They observe the idea of the regeneration of Arabia by America
and the confrontation of the Biblical Imagery with the abstract
visuals of the Muslim Koran.
And they observe how the ideas of Orientalism and Occidentalism,
the two most fundamental political positions of today, dominate
the scene at the American frontier in Iraq.
“News
from Home” is the second part of a political-artistic
trilogy curated by Moniek Voulon, which gives voice to our
anxiety about the American invasion and occupation of Iraq.
[The first installment was entitled "La Nuit
Américaine", the final one will be
"Le Mépris"]. At the same time it
is an exhibition of artists from Europe and America that cope
with contemporary life.
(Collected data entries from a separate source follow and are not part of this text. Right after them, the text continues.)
lemma eq_if_increments_dominated:
  fixes D :: "real \<Rightarrow> 'a::real_normed_vector" and \<mu> :: "real \<Rightarrow> real"
  assumes "a \<le> b"
    and dominated: "\<And>\<epsilon>. \<epsilon> > 0 \<Longrightarrow> \<exists>\<delta>>0. \<forall>s t. a \<le> s \<and> s \<le> t \<and> t \<le> b \<and> t - s < \<delta> \<longrightarrow>
                 norm (D t - D s) \<le> \<epsilon> * (\<mu> t - \<mu> s)"
  shows "D b = D a"
proof -
  define c where "c = \<bar>\<mu> b - \<mu> a\<bar> + 1"
  have "c > 0" by (simp add: c_def add_nonneg_pos)
  have "norm (D b - D a) \<le> 0 + e" if "e > 0" for e
  proof -
    obtain \<delta> where "\<delta> > 0" and \<delta>: "\<forall>s t. a \<le> s \<and> s \<le> t \<and> t \<le> b \<and> t - s < \<delta> \<longrightarrow>
        norm (D t - D s) \<le> e / c * \<mu> t - e / c * \<mu> s"
      using dominated[of "e / c"] \<open>c > 0\<close> \<open>e > 0\<close> by (auto simp: right_diff_distrib)
    have "norm (D b - D a) \<le> e / c * \<mu> b - e / c * \<mu> a"
      using \<delta> by (intro norm_diff_le_if_small_increments_le[OF \<open>a \<le> b\<close> \<open>\<delta> > 0\<close>]) auto
    also have "\<dots> = e / c * (\<mu> b - \<mu> a)"
      by (simp add: right_diff_distrib)
    also have "\<dots> \<le> e / c * c"
      using \<open>c > 0\<close> \<open>e > 0\<close> by (intro mult_left_mono) (auto simp: c_def)
    finally show ?thesis
      using \<open>c > 0\<close> by simp
  qed
  then have "norm (D b - D a) \<le> 0"
    by (rule field_le_epsilon)
  then show ?thesis
    by simp
qed

lemma continuous_on_indefinite_integral_plus:
  fixes f :: "real \<Rightarrow> 'b::banach"
  assumes "f integrable_on {a..b}" "\<And>y. y \<in> {a..b} \<Longrightarrow> F y = c + integral {a..y} f"
  shows "continuous_on {a..b} F"
  using continuous_on_add[OF continuous_on_const indefinite_integral_continuous_1[OF assms(1)]]
  by (rule continuous_on_eq) (use assms(2) in auto)

lemma absolutely_integrable_bilinear_continuous:
  fixes P :: "'a::euclidean_space \<Rightarrow> 'b::euclidean_space \<Rightarrow> 'c::euclidean_space"
    and M :: "real \<Rightarrow> 'a"
  assumes "bilinear P" "continuous_on {a..b} M" "f absolutely_integrable_on {a..b}"
  shows "(\<lambda>y. P (M y) (f y)) absolutely_integrable_on {a..b}"
proof (rule absolutely_integrable_bounded_measurable_product[OF assms(1) _ _ _ assms(3)])
  show "M \<in> borel_measurable (lebesgue_on {a..b})"
    using assms(2) fmeasurableD[OF lmeasurable_interval(1)]
    by (rule continuous_imp_measurable_on_sets_lebesgue)
  show "bounded (M ` {a..b})"
    using assms(2) by (intro compact_imp_bounded compact_continuous_image) auto
qed simp

lemma bounded_bilinear_has_integral_increment:
  assumes "bounded_bilinear P"
    and "(f has_integral F t - F s) S" and "(g has_integral G t - G s) S"
  shows "((\<lambda>y. P (f y) (G t) + P (F s) (g y)) has_integral P (F t) (G t) - P (F s) (G s)) S"
proof -
  interpret P: bounded_bilinear P by fact
  from has_integral_add[OF has_integral_linear[OF assms(2) P.bounded_linear_left[of "G t"]]
      has_integral_linear[OF assms(3) P.bounded_linear_right[of "F s"]]]
  show ?thesis
    by (simp add: o_def P.diff_left P.diff_right)
qed
(* Fix $(N,r)\in\{(1^{*},6),(2,4),(3,3),(4,2)\}$. Let $\alpha$ be a complex parameter, $\beta:=1-\alpha$, and set $$\omega_0={}_2F_1\!\left(\tfrac1r,1-\tfrac1r;1;\alpha\right),\qquad \omega_1=\frac{i}{\sqrt N}\,{}_2F_1\!\left(\tfrac1r,1-\tfrac1r;1;\beta\right),\qquad \tau=\frac{\omega_1}{\omega_0},$$ where for $N=1^{*}$ one takes $\sqrt N=1$. (Locally, $\alpha$ is regarded as a function of $\tau$, with $\operatorname{Im}\tau>0$.) Let $\partial_\tau:=\frac{1}{2\pi i}\frac{\partial}{\partial\tau}$ and define $$A=\omega_0,\quad B=(1-\alpha)^{1/r}A,\quad C=\alpha^{1/r}A,\quad E=\partial_\tau\log\left(C^rB^r\right).$$ Assign weights $k=1$ to $A,B,C$ and $k=2$ to $E$. Define $$\hat E=E+\frac r6\cdot\frac{-3}{\pi\operatorname{Im}\tau},$$ and, for a quantity of weight $k$, $\hat\partial_\tau=\partial_\tau+\frac{k}{12}\cdot\frac{-3}{\pi\operatorname{Im}\tau}$ (so $\hat\partial_\tau$ acts with $k=1$ on $A,B,C$ and with $k=2$ on $\hat E$). Then $$\hat\partial_\tau A=\frac1{2r}A\Big(\hat E+\frac{C^r-B^r}{A^r}A^2\Big),\quad \hat\partial_\tau B=\frac1{2r}B(\hat E-A^2),\quad \hat\partial_\tau C=\frac1{2r}C(\hat E+A^2),\quad \hat\partial_\tau\hat E=\frac1{2r}(\hat E^2-A^4).$$
   Context: $\omega_0,\omega_1$ form a basis of solutions of the Picard–Fuchs operator $\theta^2-\alpha(\theta+1/r)(\theta+1-1/r)$, $\theta=\alpha\,\partial/\partial\alpha$, of the elliptic curve family over the modular curve $X_0(N)=\Gamma_0(N)\backslash\mathcal H^*$ (with $\Gamma_0(1^* )$ the unique index-2 normal subgroup of $\mathrm{PSL}(2,\mathbb Z)$); ${}_2F_1$ is the Gauss hypergeometric function. *)

theory Defs
  imports "HOL-Complex_Analysis.Complex_Analysis"
begin

definition hyp2F1 :: "complex \<Rightarrow> complex \<Rightarrow> complex \<Rightarrow> complex \<Rightarrow> complex" where
  "hyp2F1 a b c z =
     (\<Sum>n. pochhammer a n * pochhammer b n / (pochhammer c n * fact n) * z ^ n)"

text \<open>Wirtinger derivative d/dz = (d/dx - i d/dy)/2 of a (real-differentiable) function;
  it coincides with the complex derivative for holomorphic functions.\<close>
definition wirtinger :: "(complex \<Rightarrow> complex) \<Rightarrow> complex \<Rightarrow> complex" where
  "wirtinger f z =
     (frechet_derivative f (at z) 1 - \<i> * frechet_derivative f (at z) \<i>) / 2"

definition dtau :: "(complex \<Rightarrow> complex) \<Rightarrow> complex \<Rightarrow> complex" where
  "dtau f t = wirtinger f t / (2 * complex_of_real pi * \<i>)"

text \<open>Periods omega0, omega1 (the period ratio is tau = omega1/omega0); sqrtN = sqrt N (= 1 for N = 1*).\<close>
definition omega0 :: "nat \<Rightarrow> complex \<Rightarrow> complex" where
  "omega0 r a = hyp2F1 (1 / of_nat r) (1 - 1 / of_nat r) 1 a"

definition omega1 :: "real \<Rightarrow> nat \<Rightarrow> complex \<Rightarrow> complex" where
  "omega1 sqrtN r a = \<i> / complex_of_real sqrtN * hyp2F1 (1 / of_nat r) (1 - 1 / of_nat r) 1 (1 - a)"

definition Afun :: "nat \<Rightarrow> (complex \<Rightarrow> complex) \<Rightarrow> complex \<Rightarrow> complex" where
  "Afun r \<alpha> s = omega0 r (\<alpha> s)"

definition Bfun :: "nat \<Rightarrow> (complex \<Rightarrow> complex) \<Rightarrow> complex \<Rightarrow> complex" where
  "Bfun r \<alpha> s = (1 - \<alpha> s) powr (1 / of_nat r) * Afun r \<alpha> s"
It shares the rage about the American
politics of the Bush administration with Michel Moore's Fahrenheit
9/11, but, different from Moore's rhetorics, it is not a dogmatic
tale and it employs some elementary esthetical codes that
Moore never heard of. "News from Home" is about
images and about a political aesthetics that was devloped
by different European and American artists and filmmakers.
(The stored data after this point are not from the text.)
theorem mainTheorem6:
  fixes E :: "'a \<Rightarrow> 'a \<Rightarrow> bool" and U :: "'a \<Rightarrow> ('a \<Rightarrow> 'a) set"
    and zero infty e :: 'a
  assumes "local_moufang_set E U"
    and "\<not> E zero infty"
    and "is_unit E zero infty e"
  defines "\<tau> \<equiv> mu U zero infty e"
  shows "(littleG U =
           setmul (setmul (U zero) (Hua E U zero infty)) (U infty)
         \<union> setmul (setmul (setmul (U zero) (Hua E U zero infty)) {\<tau>}) (Ucirc E U zero))
       \<and> {g \<in> littleG U. g zero = zero} = setmul (U zero) (Hua E U zero infty)
       \<and> {g \<in> littleG U. g zero = zero \<and> g infty = infty} = Hua E U zero infty"
proof -
  interpret local_moufang_basis_unit E U zero infty e
    using assms(1-3) by unfold_locales
  show ?thesis
    using littleG_eq_Bruhat stabilizer_zero stabilizer_zero_infty
    unfolding Bruhat_def B_def \<tau>_def by blast
qed

end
It is partly based on the methods used by the French New Wave
film director Jean-Luc Godard, and tries to turn his film
language into a useful artistic attitude.
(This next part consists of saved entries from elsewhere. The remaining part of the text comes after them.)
lemma quad_form_smult_vec:
  "quad_form n A (\<lambda>i. r * x i) = r^2 * quad_form n A (x :: nat \<Rightarrow> 'a::comm_semiring_1)"
  unfolding quad_form_def by (simp add: sum_distrib_left power2_eq_square mult_ac)

lemma quad_form_rescaled_mat:
  "quad_form n (mat n n (\<lambda>(i,j). a i * M $$ (i,j) * a j)) y = quad_form n M (\<lambda>i. a i * y i)"
  unfolding quad_form_def by (intro sum.cong refl) (simp add: mult_ac)

lemma quad_form_eigenvector:
  fixes M :: "'a::comm_ring_1 mat"
  assumes M: "M \<in> carrier_mat n n" and v: "v \<in> carrier_vec n" and e: "M *\<^sub>v v = l \<cdot>\<^sub>v v"
  shows "quad_form n M (\<lambda>i. v $ i) = l * (\<Sum>i<n. (v $ i)^2)"
proof -
  have row: "(\<Sum>j<n. M $$ (i,j) * v $ j) = l * v $ i" if "i < n" for i
  proof -
    have "(M *\<^sub>v v) $ i = (\<Sum>j<n. M $$ (i,j) * v $ j)"
      using M v that by (simp add: scalar_prod_def atLeast0LessThan)
    then show ?thesis using e v that by simp
  qed
  have "quad_form n M (\<lambda>i. v $ i) = (\<Sum>i<n. v $ i * (\<Sum>j<n. M $$ (i,j) * v $ j))"
    unfolding quad_form_def by (simp add: sum_distrib_left mult.assoc)
  also have "\<dots> = (\<Sum>i<n. v $ i * (l * v $ i))"
    by (intro sum.cong refl) (simp add: row)
  finally show ?thesis by (simp add: sum_distrib_left power2_eq_square mult_ac)
qed

lemma eigenvalue_unit_quad_form:
  fixes M :: "real mat"
  assumes M: "M \<in> carrier_mat n n" and "eigenvalue M l"
  obtains u where "(\<Sum>i<n. (u i)^2) = 1" and "quad_form n M u = l"
proof -
  obtain v where v: "v \<in> carrier_vec n" "v \<noteq> 0\<^sub>v n" and e: "M *\<^sub>v v = l \<cdot>\<^sub>v v"
    using assms unfolding eigenvalue_def eigenvector_def by auto
  define N where "N = (\<Sum>i<n. (v $ i)^2)"
  have "N > 0"
  proof -
    obtain i where "i < n" "v $ i \<noteq> 0" using v by (auto simp: vec_eq_iff)
    then have "0 < (v $ i)^2" "(v $ i)^2 \<le> N"
      unfolding N_def by (auto intro: member_le_sum)
    then show ?thesis by linarith
  qed
  define u where "u = (\<lambda>i. 1 / sqrt N * v $ i)"
  have "(\<Sum>i<n. (u i)^2) = 1"
    using \<open>N > 0\<close> by (simp add: u_def power_divide sum_divide_distrib[symmetric] N_def[symmetric])
  moreover have "quad_form n M u = l"
    using \<open>N > 0\<close> unfolding u_def quad_form_smult_vec quad_form_eigenvector[OF M v(1) e] N_def[symmetric]
    by (simp add: power_divide)
  ultimately show thesis by (rule that)
qed

section \<open>Schur complements and Cauchy matrices\<close>

definition schur_compl :: "nat \<Rightarrow> 'a::field mat \<Rightarrow> 'a mat" where
  "schur_compl n A = mat n n (\<lambda>(i,j). A $$ (Suc i, Suc j) - A $$ (Suc i, 0) * A $$ (0, Suc j) / A $$ (0,0))"

lemma schur_compl_carrier: "schur_compl n A \<in> carrier_mat n n"
  by (simp add: schur_compl_def)

lemma index_first_column_elimination:
  fixes A :: "'a::field mat"
  assumes A: "A \<in> carrier_mat (Suc n) (Suc n)" and ij: "i < Suc n" "j < Suc n"
  defines "E \<equiv> mat (Suc n) (Suc n) (\<lambda>(i,j). if i = j then 1 else if j = 0 then - A $$ (i,0) / A $$ (0,0) else 0)"
  shows "(E * A) $$ (i,j) = (if i = 0 then A $$ (0,j) else A $$ (i,j) - A $$ (i,0) / A $$ (0,0) * A $$ (0,j))"
proof -
  have E: "E \<in> carrier_mat (Suc n) (Suc n)" unfolding E_def by auto
  have "(E * A) $$ (i,j) = (\<Sum>k<Suc n. (if k = i then 1 else if k = 0 then - A $$ (i,0) / A $$ (0,0) else 0) * A $$ (k,j))"
    unfolding index_mult_mat_sum[OF E A ij] by (rule sum.cong) (auto simp: E_def ij)
  also have "\<dots> = (if i = 0 then A $$ (0,j) else A $$ (i,j) - A $$ (i,0) / A $$ (0,0) * A $$ (0,j))"
  proof (cases "i = 0")
    case True
    then have "(\<Sum>k<Suc n. (if k = i then 1 else if k = 0 then - A $$ (i,0) / A $$ (0,0) else 0) * A $$ (k,j))
        = (\<Sum>k<Suc n. (if k = 0 then 1 else 0) * A $$ (k,j))"
      by (intro sum.cong) auto
    also have "\<dots> = A $$ (0,j)" by (rule sum_mult_delta(2)) simp
    finally show ?thesis using True by simp
  next
    case False
    have "(\<Sum>k<Suc n. (if k = i then 1 else if k = 0 then - A $$ (i,0) / A $$ (0,0) else 0) * A $$ (k,j))
        = (\<Sum>k<Suc n. (if k = i then 1 else 0) * A $$ (k,j))
          - A $$ (i,0) / A $$ (0,0) * (\<Sum>k<Suc n. (if k = 0 then 1 else 0) * A $$ (k,j))"
      unfolding sum_distrib_left sum_subtractf[symmetric] using False by (intro sum.cong) auto
    also have "\<dots> = A $$ (i,j) - A $$ (i,0) / A $$ (0,0) * A $$ (0,j)"
      using ij by (simp only: sum_mult_delta(2) zero_less_Suc)
    finally show ?thesis using False by simp
  qed
  finally show ?thesis .
qed

lemma det_schur_compl:
  fixes A :: "'a::field mat"
  assumes A: "A \<in> carrier_mat (Suc n) (Suc n)" and "A $$ (0,0) \<noteq> 0"
  shows "det A = A $$ (0,0) * det (schur_compl n A)"
proof -
  define E where "E = mat (Suc n) (Suc n) (\<lambda>(i,j). if i = j then 1 else if j = 0 then - A $$ (i,0) / A $$ (0,0) else 0)"
  have E: "E \<in> carrier_mat (Suc n) (Suc n)" unfolding E_def by auto
  have EA: "E * A \<in> carrier_mat (Suc n) (Suc n)" using E A by auto
  note EA_entry = index_first_column_elimination[OF A, folded E_def]
  have "det E = prod_list (diag_mat E)"
    by (rule det_lower_triangular[OF _ E]) (auto simp: E_def)
  also have "diag_mat E = map (\<lambda>i. 1) [0..<Suc n]" unfolding diag_mat_def E_def by auto
  finally have "det E = 1" by (simp add: map_replicate_const)
  then have "det A = det (E * A)" using det_mult[OF E A] by simp
  also have "\<dots> = (\<Sum>i<Suc n. (E * A) $$ (i,0) * cofactor (E * A) i 0)"
    by (rule laplace_expansion_column[OF EA]) simp
  also have "\<dots> = A $$ (0,0) * det (mat_delete (E * A) 0 0)"
    by (subst sum.lessThan_Suc_shift) (simp add: EA_entry cofactor_def assms(2))
  also have "mat_delete (E * A) 0 0 = schur_compl n A"
    by (rule eq_matI) (use EA in \<open>auto simp: mat_delete_def schur_compl_def EA_entry simp del: index_mult_mat\<close>)
  finally show ?thesis .
qed

lemma quad_form_Suc:
  fixes A :: "real mat"
  assumes "symmetric_mat (Suc n) A"
  shows "quad_form (Suc n) A x = x 0 * A $$ (0,0) * x 0 + 2 * x 0 * (\<Sum>j<n. A $$ (0, Suc j) * x (Suc j))
     + (\<Sum>i<n. \<Sum>j<n. x (Suc i) * A $$ (Suc i, Suc j) * x (Suc j))"
proof -
  have "quad_form (Suc n) A x = x 0 * A $$ (0,0) * x 0 + (\<Sum>i<n. x (Suc i) * A $$ (Suc i, 0) * x 0)
     + ((\<Sum>j<n. x 0 * A $$ (0, Suc j) * x (Suc j)) + (\<Sum>i<n. \<Sum>j<n. x (Suc i) * A $$ (Suc i, Suc j) * x (Suc j)))"
    unfolding quad_form_def by (simp only: sum.lessThan_Suc_shift sum.distrib)
  also have "(\<Sum>i<n. x (Suc i) * A $$ (Suc i, 0) * x 0) = (\<Sum>j<n. x 0 * A $$ (0, Suc j) * x (Suc j))"
    using assms unfolding symmetric_mat_def by (intro sum.cong) (auto simp: mult_ac)
  finally show ?thesis by (simp add: sum_distrib_left mult_ac)
qed

lemma quad_form_schur_compl:
  fixes A :: "real mat"
  assumes sym: "symmetric_mat (Suc n) A" and s: "A $$ (0,0) > 0"
  shows "quad_form (Suc n) A x = A $$ (0,0) * (x 0 + (\<Sum>j<n. A $$ (0, Suc j) * x (Suc j)) / A $$ (0,0))^2
      + quad_form n (schur_compl n A) (\<lambda>i. x (Suc i))"
proof -
  define s where "s = A $$ (0,0)"
  define b where "b = (\<Sum>j<n. A $$ (0, Suc j) * x (Suc j))"
  have "quad_form n (schur_compl n A) (\<lambda>i. x (Suc i)) = (\<Sum>i<n. \<Sum>j<n. x (Suc i) * A $$ (Suc i, Suc j) * x (Suc j)
      - (x (Suc i) * A $$ (0, Suc i)) * (A $$ (0, Suc j) * x (Suc j)) / s)"
    using sym unfolding quad_form_def schur_compl_def s_def symmetric_mat_def
    by (intro sum.cong refl) (auto simp: algebra_simps)
  also have "\<dots> = (\<Sum>i<n. \<Sum>j<n. x (Suc i) * A $$ (Suc i, Suc j) * x (Suc j)) - b * b / s"
    by (simp add: sum_subtractf b_def sum_divide_distrib[symmetric] sum_product mult_ac)
  finally have "quad_form n (schur_compl n A) (\<lambda>i. x (Suc i))
      = (\<Sum>i<n. \<Sum>j<n. x (Suc i) * A $$ (Suc i, Suc j) * x (Suc j)) - b * b / s" .
  moreover have "s * (x 0 + b/s)^2 = x 0 * s * x 0 + 2 * x 0 * b + b*b/s"
    using s by (simp add: s_def field_simps power2_eq_square)
  ultimately show ?thesis unfolding quad_form_Suc[OF sym] s_def[symmetric] b_def[symmetric]
    by linarith
qed

lemma symmetric_schur_compl: "symmetric_mat (Suc n) A \<Longrightarrow> symmetric_mat n (schur_compl n A)"
  unfolding symmetric_mat_def schur_compl_def by auto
Political activism and ideological inspiration are part of
the game, but above all, the aim here is to reformu-late a
politically oriented cinematograhic attitude into a working
politically oriented artistic model.
l
"News from Home" starts as a salute to Chantal
Ackerman's film "News from Home", 1976, in which,
she observes herself as she observes the streets and houses
of Manhattan --- a thrilling prelude to the 9/11 events.
But it also refers to Edward W. Said’s "Orientalism",
1979, in which he observes the West observing the Arab world,
and "Occidentalism", 2004, a recent reflection
on fundamantalism, in which Ian Buruma and Avishai Margalit
observe the Arabs observing the West. The exhibition is
not a direct product of these views, neither will one find
here a definitive Orientalist or Occidentalist point of
view.
Rather than being partisan in the worldwide struggle between
these dominant positions, this exhibition can be seen as
a protest against this ideological Catch 22.
As the world of today is trapped in the force field between
these two poles, we realize that the Cold War between communism
and capitalism has been followed by an actual War of Fundamentalisms.
Instead of the End of History as announced by Fukayama,
the Utopia's of Bush and Bin Laden, these extre-me representants
of the Orientalist and the Occidentalist ideologies, brought
us a new world wide war.
II
The story of Orientalism is the story of the imperialist
drive of the European, Christian nations towards the East.
Writers like Gustav Flaubert and T.E. Lawrence, and politicians
like Napoleon and Benjamin Disraeli, dreamt their one-sided
Western fantasies about the Orient --- a Europe-centered
and racist, exotic fairytale full of lust and love. Living
in the post-enlightenment period, they want "to manage
- and even produce - the Orient politically, sociologically,
militarily, ideologically, scientifically and imaginatively",
as Said puts it. Driven by an interpretation of the world
of the Islam as "one proto-type of closed traditional
societies", they try to find an excuse for invading
and exhausting Arab countries under cover of a liberating
ideology, as an excuse for rebuilding the world according
to their imperialistic imaginative vision.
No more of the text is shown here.